One Year Chart Three Year Chart Five Year Chart

A bargain is always an attractive notion and when you combine that with blue chip names, then it seems especially compelling. However, the results do not confirm the intuition. We expect the short term returns to be poor because these are stocks that have been depressed. However, when you look further back, while the returns are in line with the lowest benchmark, the Sharpe index -- indicating the volatility or risk associated with these returns -- is lower than everything else -- indicating that better risk adjusted returns can be derived from the other portfolios.

We will continue to track this to see if the returns pop up as the stocks recover but, for now, this is a bargain worth passing up.

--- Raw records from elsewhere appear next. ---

definition zvec :: "nat \<Rightarrow> real list" where
  "zvec n = replicate n 0"

fun realize :: "(real \<Rightarrow> real) \<Rightarrow> ann \<Rightarrow> real list \<Rightarrow> real list" where
  "realize a [] x = x"
| "realize a [(W, B)] x = vec_add (mat_vec W x) B"
| "realize a ((W, B) # l # ls) x = realize a (l # ls) (map a (vec_add (mat_vec W x) B))"

definition relu :: "real \<Rightarrow> real" where
  "relu x = max x 0"

definition ann_in :: "ann \<Rightarrow> nat" where
  "ann_in \<Phi> = ncols (fst (hd \<Phi>))"

definition ann_out :: "ann \<Rightarrow> nat" where
  "ann_out \<Phi> = length (snd (last \<Phi>))"

definition ann_len :: "ann \<Rightarrow> nat" where
  "ann_len \<Phi> = length \<Phi>"

definition ann_dims :: "ann \<Rightarrow> nat list" where
  "ann_dims \<Phi> = ann_in \<Phi> # map (\<lambda>l. length (snd l)) \<Phi>"

definition ann_params :: "ann \<Rightarrow> nat" where
  "ann_params \<Phi> = sum_list (map2 (\<lambda>a b. b * (a + 1)) (ann_dims \<Phi>) (tl (ann_dims \<Phi>)))"

definition ann_D1 :: "ann \<Rightarrow> nat" where
  "ann_D1 \<Phi> = length (snd (hd \<Phi>))"

definition annA :: "mat \<Rightarrow> real list \<Rightarrow> ann" where
  "annA W B = [(W, B)]"

definition annA1 :: "real \<Rightarrow> real \<Rightarrow> ann" where
  "annA1 w b = [([[w]], [b])]"

text \<open>Composition \<Phi>1 \<bullet> \<Phi>2 (realizes \<R>(\<Phi>1) o \<R>(\<Phi>2)).\<close>
definition ann_comp :: "ann \<Rightarrow> ann \<Rightarrow> ann" where
  "ann_comp \<Phi>1 \<Phi>2 =
     (let (W1, B1) = hd \<Phi>1; (WL, BL) = last \<Phi>2 in
      butlast \<Phi>2 @ [(mat_mul W1 WL, vec_add (mat_vec W1 BL) B1)] @ tl \<Phi>1)"

definition ann_scale :: "real \<Rightarrow> ann \<Rightarrow> ann" where
  "ann_scale c \<Phi> = ann_comp (annA (map (map (\<lambda>t. c * t)) (idm (ann_out \<Phi>))) (zvec (ann_out \<Phi>))) \<Phi>"

fun blockdiag :: "mat list \<Rightarrow> mat" where
  "blockdiag [] = []"
| "blockdiag (M # Ms) =
     map (\<lambda>r. r @ replicate (sum_list (map ncols Ms)) 0) M
     @ map (\<lambda>r. replicate (ncols M) 0 @ r) (blockdiag Ms)"

text \<open>Parallelization \<P>_n(\<Phi>_1,...,\<Phi>_n) of networks of equal length.\<close>
definition ann_par :: "ann list \<Rightarrow> ann" where
  "ann_par Ps = map (\<lambda>k. (blockdiag (map (\<lambda>\<Phi>. fst (\<Phi> ! k)) Ps),
                          concat (map (\<lambda>\<Phi>. snd (\<Phi> ! k)) Ps)))
                    [0..<length (hd Ps)]"

definition annS :: "nat \<Rightarrow> nat \<Rightarrow> ann" where
  "annS m n = annA (map (\<lambda>r. concat (replicate n r)) (idm m)) (zvec m)"

definition annT :: "nat \<Rightarrow> nat \<Rightarrow> ann" where
  "annT m n = annA (concat (replicate n (idm m))) (zvec (m * n))"

text \<open>Sum \<oplus>_{k=u}^v \<Phi>_k, given the list [\<Phi>_u, ..., \<Phi>_v].\<close>
definition ann_sum :: "ann list \<Rightarrow> ann" where
  "ann_sum Ps = ann_comp (annS (ann_out (hd Ps)) (length Ps))
                  (ann_comp (ann_par Ps) (annT (ann_in (hd Ps)) (length Ps)))"
(* Every mean-variance team stochastic game as described in the context has a deterministic joint policy $\boldsymbol{\mu}^*\in\mathcal{D}$ (i.e. each $\mu_i^*$ maps $\mathcal{S}$ to $\mathcal{A}_i$) such that $J(\boldsymbol{\mu}^* )=\max_{\boldsymbol{\mu}\in\mathcal{U}}J(\boldsymbol{\mu})$; in particular $\boldsymbol{\mu}^*$ is a Nash equilibrium, i.e. $J(\mu_i^*,\boldsymbol{\mu}_{-i}^* )\ge J(\mu_i,\boldsymbol{\mu}^*_{-i})$ for all $i\in\mathcal{N}$ and all $\mu_i\in\mathcal{U}_i$.
   Context: A team stochastic game consists of a finite set of agents $\mathcal{N}=\{1,\dots,N\}$, a finite state space $\mathcal{S}$, finite action sets $\mathcal{A}_i$ with joint action set $\mathcal{A}=\prod_i\mathcal{A}_i$, a transition kernel $P(s'|s,\boldsymbol{a})$ and a common reward $r:\mathcal{S}\times\mathcal{A}\to\mathbb{R}$. A policy of agent $i$ is $\mu_i:\mathcal{S}\to\Delta(\mathcal{A}_i)$ (set $\mathcal{U}_i$); a joint policy $\boldsymbol{\mu}=(\mu_1,\dots,\mu_N)\in\mathcal{U}=\prod_i\mathcal{U}_i$ selects $\boldsymbol{a}$ in state $s$ with probability $\prod_i\mu_i(a_i|s)$; $\mathcal{D}\subset\mathcal{U}$ is the set of deterministic joint policies. $(\mu_i,\boldsymbol{\mu}_{-i})$ denotes the joint policy in which agent $i$ uses $\mu_i$ and the others use $\boldsymbol{\mu}_{-i}$. Standing assumption: the Markov chain $P^{\boldsymbol{\mu}}(s'|s)=\sum_{\boldsymbol{a}}\boldsymbol{\mu}(\boldsymbol{a}|s)P(s'|s,\boldsymbol{a})$ is ergodic for every $\boldsymbol{\mu}\in\mathcal{U}$, with stationary distribution $\pi^{\boldsymbol{\mu}}$. Define $\eta^{\boldsymbol{\mu}}=\sum_s\pi^{\boldsymbol{\mu}}(s)\sum_{\boldsymbol{a}}\boldsymbol{\mu}(\boldsymbol{a}|s)r(s,\boldsymbol{a})$ (long-run average reward), $\zeta^{\boldsymbol{\mu}}=\sum_s\pi^{\boldsymbol{\mu}}(s)\sum_{\boldsymbol{a}}\boldsymbol{\mu}(\boldsymbol{a}|s)(r(s,\boldsymbol{a})-\eta^{\boldsymbol{\mu}})^2$ (long-run variance), and for a fixed $\beta\ge0$, $J(\boldsymbol{\mu})=\eta^{\boldsymbol{\mu}}-\beta\zeta^{\boldsymbol{\mu}}$. *)

theory Defs
  imports Main "HOL-Library.Function_Algebras" Complex_Main
begin
(* Let $\sigma>0$, $\lambda_1,\lambda_2>0$, $m_g\ge1$. Suppose $\boldsymbol\beta_g\mid\tau_{g1}^2,\dots,\tau_{gm_g}^2,\gamma_g^2,\sigma^2\sim N_{m_g}(\mathbf 0,\sigma^2\mathbf V_g)$ with $\mathbf V_g=\mathrm{diag}\{(\tau_{gj}^{-2}+\gamma_g^{-2})^{-1}, j=1,\dots,m_g\}$, and $(\tau_{g1}^2,\dots,\tau_{gm_g}^2,\gamma_g^2)\in(0,\infty)^{m_g+1}$ has density $$\pi(\tau^2_{g1},\dots,\tau^2_{gm_g},\gamma^2_g)=c_g(\lambda_1^2,\lambda_2^2)\prod_{j=1}^{m_g}\Big[(\tau^2_{gj})^{-1/2}\Big(\frac1{\tau^2_{gj}}+\frac1{\gamma^2_g}\Big)^{-1/2}\Big](\gamma_g^2)^{-1/2}\exp\Big\{-\frac{\lambda_1^2}{2}\sum_{j=1}^{m_g}\tau^2_{gj}-\frac{\lambda_2^2}{2}\gamma_g^2\Big\}.$$ Then this density is integrable (so a normalizing constant $c_g(\lambda_1^2,\lambda_2^2)\in(0,\infty)$ exists, i.e., the prior is proper), and the marginal prior of $\boldsymbol\beta_g$ satisfies $$\pi(\boldsymbol\beta_g\mid\sigma^2)\propto\exp\Big\{-\frac{\lambda_1}{\sigma}\|\boldsymbol\beta_g\|_1-\frac{\lambda_2}{\sigma}\|\boldsymbol\beta_g\|_2\Big\}.$$ *)

theory Defs
  imports "HOL-Probability.Probability"
begin

text \<open>Group size m_g is the cardinality of the finite index type 'n (so m_g >= 1).
  A point of the hyperparameter space is a pair (t, g) with t $ j = tau_{gj}^2 and g = gamma_g^2.\<close>

definition hyper_dom :: "((real^'n) \<times> real) set" where
  "hyper_dom = {(t, g). (\<forall>j. 0 < t $ j) \<and> 0 < g}"

definition prior_unnorm :: "real \<Rightarrow> real \<Rightarrow> (real^'n) \<times> real \<Rightarrow> real" where
  "prior_unnorm l1 l2 = (\<lambda>(t, g).
     if (t, g) \<in> hyper_dom then
       (\<Prod>j\<in>UNIV. (t $ j) powr (-1/2) * (1 / t $ j + 1 / g) powr (-1/2))
       * g powr (-1/2) * exp (- (l1\<^sup>2 / 2) * (\<Sum>j\<in>UNIV. t $ j) - (l2\<^sup>2 / 2) * g)
     else 0)"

Disclosure: MyPlanIQ does not have any business relationship with the company or companies mentioned in this article. It does not set up their retirement plans. The performance data of portfolios mentioned above are obtained through historical simulation and are hypothetical.

Disclosure: Author has no positions in any stocks mentioned, and no plans to initiate any positions within the next 72 hours.